Alternatively, you can create the table manually. For example, in Postgres:

```sql
CREATE TABLE IF NOT EXISTS jobs (
    id UUID PRIMARY KEY DEFAULT uuid_generate_v4(),
    queue TEXT NOT NULL,
    payload TEXT,
    status TEXT NOT NULL DEFAULT 'queued',
    max_age BIGINT,
    max_retry_count INTEGER,
    max_retry_exponent INTEGER NOT NULL DEFAULT 32,
    min_retry_delay INTEGER NOT NULL DEFAULT 1000,
    max_retry_delay INTEGER NOT NULL DEFAULT 43200000,
    enqueued_at BIGINT NOT NULL DEFAULT extract(epoch from now()) * 1000,
    scheduled_at BIGINT NOT NULL DEFAULT extract(epoch from now()) * 1000,
    attempts INTEGER NOT NULL DEFAULT 0,
    error TEXT,
    error_trace TEXT,
    claimed_by TEXT,
    claimed_at BIGINT,
    finished_at BIGINT
);
CREATE INDEX IF NOT EXISTS idx_jobs_queue ON jobs (queue);
CREATE INDEX IF NOT EXISTS idx_jobs_status ON jobs (status);
CREATE INDEX IF NOT EXISTS idx_jobs_scheduled_at ON jobs (scheduled_at);
CREATE INDEX IF NOT EXISTS idx_jobs_claimed_by ON jobs (claimed_by);
```

## Fun facts

* Raquel is named after the famous actress Raquel Welch, who I have never seen in a movie.
  But her poster was one of the cutouts hanging in the shrine dedicated to
  Arnold Schwarzenegger in the local gym I used to attend. Don't ask me why and how.
* The name Raquel is also a combination of the words "queue" and "SQL".
* The `payload` can be empty or Null (`None`).
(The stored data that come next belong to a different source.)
lemma card_graph_ball_Int_branch_le_1:
  assumes "2 * k < L"
  shows "card (graph_ball G c k \<inter> branch) \<le> 1"
proof -
  have "b = b'" if "b \<in> graph_ball G c k \<inter> branch" "b' \<in> graph_ball G c k \<inter> branch" for b b'
  proof (rule ccontr)
    assume "b \<noteq> b'"
    have "walk_within G b c k" "walk_within G c b' k"
      using that walk_within_sym[OF edges_subset_verts] by (auto simp: graph_ball_def)
    then have "walk_within G b b' (k + k)" by (rule walk_within_trans)
    then show False using branch_far_apart that \<open>b \<noteq> b'\<close> assms by fastforce
  qed
  then show ?thesis using finite_graph_ball by (auto simp: card_le_Suc0_iff_eq)
qed

text \<open>Within radius \<open>r - 1\<close> there is at most one branch vertex, so every shell up to
  radius \<open>r\<close> has at most three vertices.\<close>

lemma card_graph_ball_le:
  assumes c: "c \<in> verts G" and "2 * r \<le> L"
  shows "card (graph_ball G c r) \<le> 1 + 3 * r"
  using assms(2)
proof (induction r)
  case 0
  then show ?case using c by (simp add: graph_ball_0)
next
  case (Suc k)
  have "graph_ball G c (Suc k) = graph_ball G c k \<union> (graph_ball G c (Suc k) - graph_ball G c k)"
    using graph_ball_mono[of k "Suc k" G c] by auto
  then have "card (graph_ball G c (Suc k))
      = card (graph_ball G c k) + card (graph_ball G c (Suc k) - graph_ball G c k)"
    using finite_graph_ball by (metis Diff_disjoint card_Un_disjoint finite_Diff)
  also have "\<dots> \<le> 1 + 3 * k + 3"
    using Suc card_shell_le[OF c, of k] card_graph_ball_Int_branch_le_1[of k c] by simp
  finally show ?case by simp
qed

end

end

lemma finite_growth_candidates:
  assumes "finite_graph G"
  shows "finite (insert 0 {card (verts H) | H. subgraph H G \<and> radius_le H r})"
proof -
  have "{card (verts H) | H. subgraph H G \<and> radius_le H r} \<subseteq> {..card (verts G)}"
    using assms by (auto simp: finite_graph_def subgraph_def intro: card_mono)
  then show ?thesis by (meson finite_atMost finite_insert finite_subset)
qed

lemma growth_leI:
  assumes "finite_graph G"
    and "\<And>H. subgraph H G \<Longrightarrow> radius_le H r \<Longrightarrow> card (verts H) \<le> B"
  shows "growth G r \<le> B"
  using finite_growth_candidates[OF assms(1)] assms(2)
  unfolding growth_def by (subst Max_le_iff) auto

lemma card_le_growth:
  assumes "finite_graph G" "subgraph H G" "radius_le H r"
  shows "card (verts H) \<le> growth G r"
proof -
  have "card (verts H) \<in> insert 0 {card (verts H) | H. subgraph H G \<and> radius_le H r}"
    using assms by blast
  with finite_growth_candidates[OF assms(1)] show ?thesis
    unfolding growth_def by (rule Max_ge)
qed

lemma growth_le_card_verts: "finite_graph G \<Longrightarrow> growth G r \<le> card (verts G)"
  by (rule growth_leI) (auto simp: finite_graph_def subgraph_def intro: card_mono)

lemma growth_le_card_graph_ball:
  assumes "finite_graph G" and "\<And>c. c \<in> verts G \<Longrightarrow> card (graph_ball G c r) \<le> B"
  shows "growth G r \<le> B"
proof (rule growth_leI[OF assms(1)])
  fix H assume H: "subgraph H G" "radius_le H r"
  then obtain c where c: "c \<in> verts H" "\<forall>v\<in>verts H. walk_within H c v r"
    by (auto simp: radius_le_def)
  have "verts H \<subseteq> graph_ball G c r"
    using c walk_within_subgraph[OF _ H(1)] by (auto simp: graph_ball_def)
  moreover have "graph_ball G c r \<subseteq> verts G"
    using assms(1) by (intro graph_ball_subset_verts) (simp add: finite_graph_def)
  ultimately have "card (verts H) \<le> card (graph_ball G c r)"
    using assms(1) by (intro card_mono) (auto simp: finite_graph_def intro: finite_subset)
  also have "\<dots> \<le> B" using c H(1) assms(2) by (auto simp: subgraph_def)
  finally show "card (verts H) \<le> B" .
qed

section \<open>Relabelling vertices\<close>

definition map_graph :: "('a \<Rightarrow> 'b) \<Rightarrow> 'a graph \<Rightarrow> 'b graph" where
  "map_graph h G = (h ` verts G, (\<lambda>e. h ` e) ` edges G)"

lemma verts_map_graph [simp]: "verts (map_graph h G) = h ` verts G"
  and edges_map_graph [simp]: "edges (map_graph h G) = (\<lambda>e. h ` e) ` edges G"
  by (auto simp: map_graph_def verts_def edges_def)

lemma finite_graph_map_graph:
  assumes "inj h" "finite_graph G"
  shows "finite_graph (map_graph h G)"
proof -
  have "card (h ` e) = card e" for e using assms(1) by (simp add: card_image inj_on_subset)
  then show ?thesis using assms(2) by (auto simp: finite_graph_def)
qed

lemma walk_within_map_graph:
  "walk_within H x y n \<Longrightarrow> walk_within (map_graph h H) (h x) (h y) n"
proof (induction rule: walk_within.induct)
  case (here x n)
  then show ?case by (intro walk_within.here) simp
next
  case (step x z y n)
  have "{h x, h z} \<in> edges (map_graph h H)"
    using imageI[OF step(1), of "\<lambda>e. h ` e"] by simp
  then show ?case using step(3) by (rule walk_within.step)
qed

lemma growth_map_graph_le:
  assumes inj: "inj h" and G: "finite_graph G"
  shows "growth (map_graph h G) r \<le> growth G r"
proof (rule growth_leI[OF finite_graph_map_graph[OF inj G]])
  fix H assume sub: "subgraph H (map_graph h G)" and rad: "radius_le H r"
  define H' where "H' = map_graph (inv h) H"
  have inv_image_image: "inv h ` h ` X = X" for X using inj by (simp add: image_image)
  have "subgraph H' G"
  proof -
    have "verts H' \<subseteq> verts G"
      using sub inv_image_image unfolding H'_def subgraph_def by (metis image_mono verts_map_graph)
    moreover have "edges H' \<subseteq> edges G"
      using sub inv_image_image by (auto simp: H'_def subgraph_def)
    moreover have "\<forall>e\<in>edges H'. e \<subseteq> verts H'"
      using sub unfolding H'_def subgraph_def by (simp add: image_mono)
    ultimately show ?thesis by (simp add: subgraph_def)
  qed
  moreover have "radius_le H' r"
    using rad walk_within_map_graph unfolding radius_le_def H'_def by fastforce
  moreover have "card (verts H') = card (verts H)"
  proof -
    have "verts H \<subseteq> range h" using sub by (auto simp: subgraph_def)
    then have "inj_on (inv h) (verts H)" by (rule inj_on_inv_into)
    then show ?thesis by (simp add: H'_def card_image)
  qed
  ultimately show "card (verts H) \<le> growth G r" using card_le_growth[OF G] by metis
qed

lemma map_graph_contract:
  assumes inj: "inj h"
  shows "map_graph h (contract H u v) = contract (map_graph h H) (h u) (h v)"
proof -
  define g where "g = (\<lambda>x. if x = v then u else x)"
  define g' where "g' = (\<lambda>x. if x = h v then h u else x)"
  have comm: "h ` g ` e = g' ` h ` e" for e
  proof -
    have "h (g x) = g' (h x)" for x using inj by (auto simp: g_def g'_def inj_eq)
    then show ?thesis by (simp add: image_image)
  qed
  have card_h: "card (h ` X) = card X" for X using inj by (simp add: card_image inj_on_subset)
  have "h ` (verts H - {v}) = h ` verts H - {h v}"
    using inj by (simp add: image_set_diff)
  moreover have "(\<lambda>e. h ` e) ` {e'. \<exists>e\<in>edges H. e' = g ` e \<and> card e' = 2}
      = {e'. \<exists>e\<in>(\<lambda>e. h ` e) ` edges H. e' = g' ` e \<and> card e' = 2}"
    using comm card_h by (auto simp: image_iff) metis+
  ultimately show ?thesis
    unfolding contract_def map_graph_def by (simp add: g_def g'_def verts_def edges_def)
qed

lemma contracts_to_map_graph:
  assumes inj: "inj h"
  shows "contracts_to S K \<Longrightarrow> contracts_to (map_graph h S) (map_graph h K)"
proof (induction rule: contracts_to.induct)
  case (refl G)
  then show ?case by (rule contracts_to.refl)
next
  case (step G H u v)
  have "{h u, h v} \<in> edges (map_graph h H)"
    using imageI[OF step(2), of "\<lambda>e. h ` e"] by simp
  moreover have "h u \<noteq> h v" using step(3) inj by (simp add: inj_eq)
  ultimately have "contracts_to (map_graph h G) (contract (map_graph h H) (h u) (h v))"
    using step(4) by (rule contracts_to.step[rotated])
  then show ?case by (simp add: map_graph_contract[OF inj])
qed

lemma graph_iso_map_graph:
  assumes inj: "inj h" and iso: "graph_iso G K"
  shows "graph_iso G (map_graph h K)"
proof -
  obtain \<phi> where \<phi>: "bij_betw \<phi> (verts G) (verts K)"
    "\<forall>x\<in>verts G. \<forall>y\<in>verts G. {x, y} \<in> edges G \<longleftrightarrow> {\<phi> x, \<phi> y} \<in> edges K"
    using iso by (auto simp: graph_iso_def)
  have "bij_betw (h \<circ> \<phi>) (verts G) (h ` verts K)"
    using \<phi>(1) inj by (meson bij_betw_comp_iff bij_betw_imageI inj_on_subset subset_UNIV)
  moreover have "{h a, h b} \<in> (\<lambda>e. h ` e) ` edges K \<longleftrightarrow> {a, b} \<in> edges K" for a b
    using inj_image_mem_iff[of "\<lambda>e. h ` e" "{a, b}" "edges K"] inj
    by (simp add: inj_on_image)
  ultimately show ?thesis using \<phi>(2) unfolding graph_iso_def by (intro exI[of _ "h \<circ> \<phi>"]) auto
qed

lemma minor_map_graph:
  assumes inj: "inj h" and "minor G G'"
  shows "minor G (map_graph h G')"
proof -
  obtain S K where S: "subgraph S G'" "contracts_to S K" "graph_iso G K"
    using assms(2) by (auto simp: minor_def)
  have "subgraph (map_graph h S) (map_graph h G')"
    using S(1) unfolding subgraph_def by (simp add: image_mono)
  then show ?thesis
    using contracts_to_map_graph[OF inj S(2)] graph_iso_map_graph[OF inj S(3)]
    unfolding minor_def by blast
qed

section \<open>Contraction onto representatives\<close>

definition quotient_graph :: "('v \<Rightarrow> 'v) \<Rightarrow> 'v graph \<Rightarrow> 'v graph" where
  "quotient_graph \<rho> G = (\<rho> ` verts G, (\<lambda>e. \<rho> ` e) ` {e \<in> edges G. card (\<rho> ` e) = 2})"

lemma verts_quotient_graph [simp]: "verts (quotient_graph \<rho> G) = \<rho> ` verts G"
  and edges_quotient_graph [simp]:
    "edges (quotient_graph \<rho> G) = (\<lambda>e. \<rho> ` e) ` {e \<in> edges G. card (\<rho> ` e) = 2}"
  by (auto simp: quotient_graph_def verts_def edges_def)

lemma quotient_graph_id: "finite_graph G \<Longrightarrow> quotient_graph (\<lambda>x. x) G = G"
  by (cases G) (auto simp: quotient_graph_def verts_def edges_def finite_graph_def)

lemma quotient_graph_cong:
  assumes "\<And>x. x \<in> verts G \<Longrightarrow> \<rho> x = \<sigma> x" "\<forall>e\<in>edges G. e \<subseteq> verts G"
  shows "quotient_graph \<rho> G = quotient_graph \<sigma> G"
proof -
  have eq: "\<rho> ` e = \<sigma> ` e" if "e \<subseteq> verts G" for e
    using assms(1) that by (intro image_cong) auto
  then have "{e \<in> edges G. card (\<rho> ` e) = 2} = {e \<in> edges G. card (\<sigma> ` e) = 2}"
    using assms(2) by auto
  moreover have "(\<lambda>e. \<rho> ` e) ` {e \<in> edges G. card (\<sigma> ` e) = 2}
      = (\<lambda>e. \<sigma> ` e) ` {e \<in> edges G. card (\<sigma> ` e) = 2}"
    by (rule image_cong[OF HOL.refl]) (use eq assms(2) in blast)
  moreover have "\<rho> ` verts G = \<sigma> ` verts G"
    using eq by blast
  ultimately show ?thesis by (simp add: quotient_graph_def)
qed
You can use it to schedule jobs
  without any payload, for example, to send a notification or to run a periodic
  task.

## Comparison to alternatives

| Feature | Raquel | Celery | RQ | Dramatiq | arq | pgqueuer | pq |
|---------|--------|--------|----|----------|-----|----------|----|
| **Special tooling to run workers** | No ✅ | Yes ❌ | Yes ❌ | Yes ❌ | Yes ❌ | Yes ❌ | Yes ❌ |
| **Needs message queue** | No ✅ | Yes ❌ | Yes ❌ | Yes ❌ | Yes ❌ | Yes ❌ | Yes ❌ |
| **Supports SQL** | Yes ✅ | No ❌ | No ❌ | No ❌ | No ❌ | Yes ✅ | Yes ✅ |
| **Full visibility** | Yes ✅ | No ❌ | No ❌ | No ❌ | No ❌ | Yes ✅ | Yes ✅ |
| **Reliable** | Yes ✅ | Yes ✅ | Yes ✅ | Yes ✅ | Yes ✅ | Yes ✅ | Yes ✅ |
| **Supports async** | Yes ✅ | Yes ❌ | Yes ❌ | Yes ❌ | Yes ❌ | Yes ❌ | Yes ❌ |
| **Persistent jobs** | Yes ✅ | Yes ❌ | Yes ❌ | Yes ❌ | Yes ❌ | Yes ✅ | Yes ✅ |
| **Schedule from anywhere** | Yes ✅ | No ❌ | No ❌ | Yes ✅ | No ❌ | Yes ✅ | Yes ✅ |
| **Job payload size limit** | No ✅ | Yes ❌ | Yes ❌ | Yes ❌ | Yes ❌ | Yes ❌ | Yes ❌ |

As you can clearly see, not only is Raquel a superior distributed task queue,
job queue, and background worker system, but very likely the best software
ever written in the history of mankind. And I claim this without any bias.

## Thinking behind Raquel

* Random UUID (`uuid4`) is used as job ID, to facilitate migration between databases and HA setups.
* Payload is stored as text, to allow any kind of data to be stored.
* Job lock is performed by first selecting the first unclaimed job through `SELECT... WHERE status = 'queued'`
  and then doing the `UPDATE... WHERE id = ?` query in the same transaction, to ensure atomicity.
  When possible (in PostgreSQL or MySQL), `SELECT FOR UPDATE SKIP LOCKED` is used for more efficiency.
* All timestamps are stored as milliseconds since epoch (UTC timezone). This removes any confusion about timezones.